Exercise: Line by line, copy the material below exactly as given.

··········

(* Let $\mathcal{H}\subseteq\{0,1\}^{\mathcal{X}}$ be a hypothesis class and $\omega_m$ the clique number of $G_m(\mathcal{H})$. Then for all $m\ge1$, $\omega_m\le(2m+1)^{\mathtt{LD}(\mathcal{H})}\le(2m+1)^{\mathtt{CD}(\mathcal{H})}$.
   Context: A dataset of size $m$ is $S=((x_1,y_1),\dots,(x_m,y_m))\in(\mathcal{X}\times\{0,1\})^m$; it is $\mathcal{H}$-realizable if some $h\in\mathcal{H}$ satisfies $h(x_i)=y_i$ for all $i$. $G_m(\mathcal{H})$ is the graph on realizable datasets of size $m$ with $S,S'$ adjacent iff there is $x$ with $(x,0)$ appearing in $S$ and $(x,1)$ appearing in $S'$; $\omega_m$ is its clique number; $\mathtt{CD}(\mathcal{H})=\sup\{m:\omega_m=2^m\}$. A mistake tree is a complete binary tree whose internal nodes are labeled by points of $\mathcal{X}$, each internal node having one outgoing edge labeled $0$ and one labeled $1$; a root-to-leaf path yields the sequence of (node label, edge label) pairs. $\mathcal{H}$ shatters the tree if every root-to-leaf path is realizable by $\mathcal{H}$. $\mathtt{LD}(\mathcal{H})$ is the largest depth of a complete mistake tree shattered by $\mathcal{H}$ ($\infty$ if unbounded). *)

theory Defs
  imports Main "HOL-Library.Extended_Nat"
begin

text \<open>Points range over the type 'x (the domain X); labels 0/1 are False/True.
  A hypothesis class is a set of functions 'x => bool.
  A dataset of size m is a list of (point,label) pairs of length m.\<close>

type_synonym 'x dataset = "('x \<times> bool) list"

definition realizable :: "('x \<Rightarrow> bool) set \<Rightarrow> 'x dataset \<Rightarrow> bool" where
  "realizable H S \<longleftrightarrow> (\<exists>h\<in>H. \<forall>(x,y)\<in>set S. h x = y)"

definition realizable_datasets :: "('x \<Rightarrow> bool) set \<Rightarrow> nat \<Rightarrow> 'x dataset set" where
  "realizable_datasets H m = {S. length S = m \<and> realizable H S}"

definition adjacent :: "'x dataset \<Rightarrow> 'x dataset \<Rightarrow> bool" where
  "adjacent S S' \<longleftrightarrow> (\<exists>x. ((x,False) \<in> set S \<and> (x,True) \<in> set S') \<or>
                             ((x,True) \<in> set S \<and> (x,False) \<in> set S'))"

definition is_clique :: "('x \<Rightarrow> bool) set \<Rightarrow> nat \<Rightarrow> 'x dataset set \<Rightarrow> bool" where
  "is_clique H m C \<longleftrightarrow> C \<subseteq> realizable_datasets H m \<and>
     (\<forall>S\<in>C. \<forall>S'\<in>C. S \<noteq> S' \<longrightarrow> adjacent S S')"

··········

Exercise solution:
(* Let $\mathcal{H}\subseteq\{0,1\}^{\mathcal{X}}$ be a hypothesis class and $\omega_m$ the clique number of $G_m(\mathcal{H})$. Then for all $m\ge1$, $\omega_m\le(2m+1)^{\mathtt{LD}(\mathcal{H})}\le(2m+1)^{\mathtt{CD}(\mathcal{H})}$.
   Context: A dataset of size $m$ is $S=((x_1,y_1),\dots,(x_m,y_m))\in(\mathcal{X}\times\{0,1\})^m$; it is $\mathcal{H}$-realizable if some $h\in\mathcal{H}$ satisfies $h(x_i)=y_i$ for all $i$. $G_m(\mathcal{H})$ is the graph on realizable datasets of size $m$ with $S,S'$ adjacent iff there is $x$ with $(x,0)$ appearing in $S$ and $(x,1)$ appearing in $S'$; $\omega_m$ is its clique number; $\mathtt{CD}(\mathcal{H})=\sup\{m:\omega_m=2^m\}$. A mistake tree is a complete binary tree whose internal nodes are labeled by points of $\mathcal{X}$, each internal node having one outgoing edge labeled $0$ and one labeled $1$; a root-to-leaf path yields the sequence of (node label, edge label) pairs. $\mathcal{H}$ shatters the tree if every root-to-leaf path is realizable by $\mathcal{H}$. $\mathtt{LD}(\mathcal{H})$ is the largest depth of a complete mistake tree shattered by $\mathcal{H}$ ($\infty$ if unbounded). *)

theory Defs
  imports Main "HOL-Library.Extended_Nat"
begin

text \<open>Points range over the type 'x (the domain X); labels 0/1 are False/True.
  A hypothesis class is a set of functions 'x => bool.
  A dataset of size m is a list of (point,label) pairs of length m.\<close>

type_synonym 'x dataset = "('x \<times> bool) list"

definition realizable :: "('x \<Rightarrow> bool) set \<Rightarrow> 'x dataset \<Rightarrow> bool" where
  "realizable H S \<longleftrightarrow> (\<exists>h\<in>H. \<forall>(x,y)\<in>set S. h x = y)"

definition realizable_datasets :: "('x \<Rightarrow> bool) set \<Rightarrow> nat \<Rightarrow> 'x dataset set" where
  "realizable_datasets H m = {S. length S = m \<and> realizable H S}"

definition adjacent :: "'x dataset \<Rightarrow> 'x dataset \<Rightarrow> bool" where
  "adjacent S S' \<longleftrightarrow> (\<exists>x. ((x,False) \<in> set S \<and> (x,True) \<in> set S') \<or>
                             ((x,True) \<in> set S \<and> (x,False) \<in> set S'))"

definition is_clique :: "('x \<Rightarrow> bool) set \<Rightarrow> nat \<Rightarrow> 'x dataset set \<Rightarrow> bool" where
  "is_clique H m C \<longleftrightarrow> C \<subseteq> realizable_datasets H m \<and>
     (\<forall>S\<in>C. \<forall>S'\<in>C. S \<noteq> S' \<longrightarrow> adjacent S S')"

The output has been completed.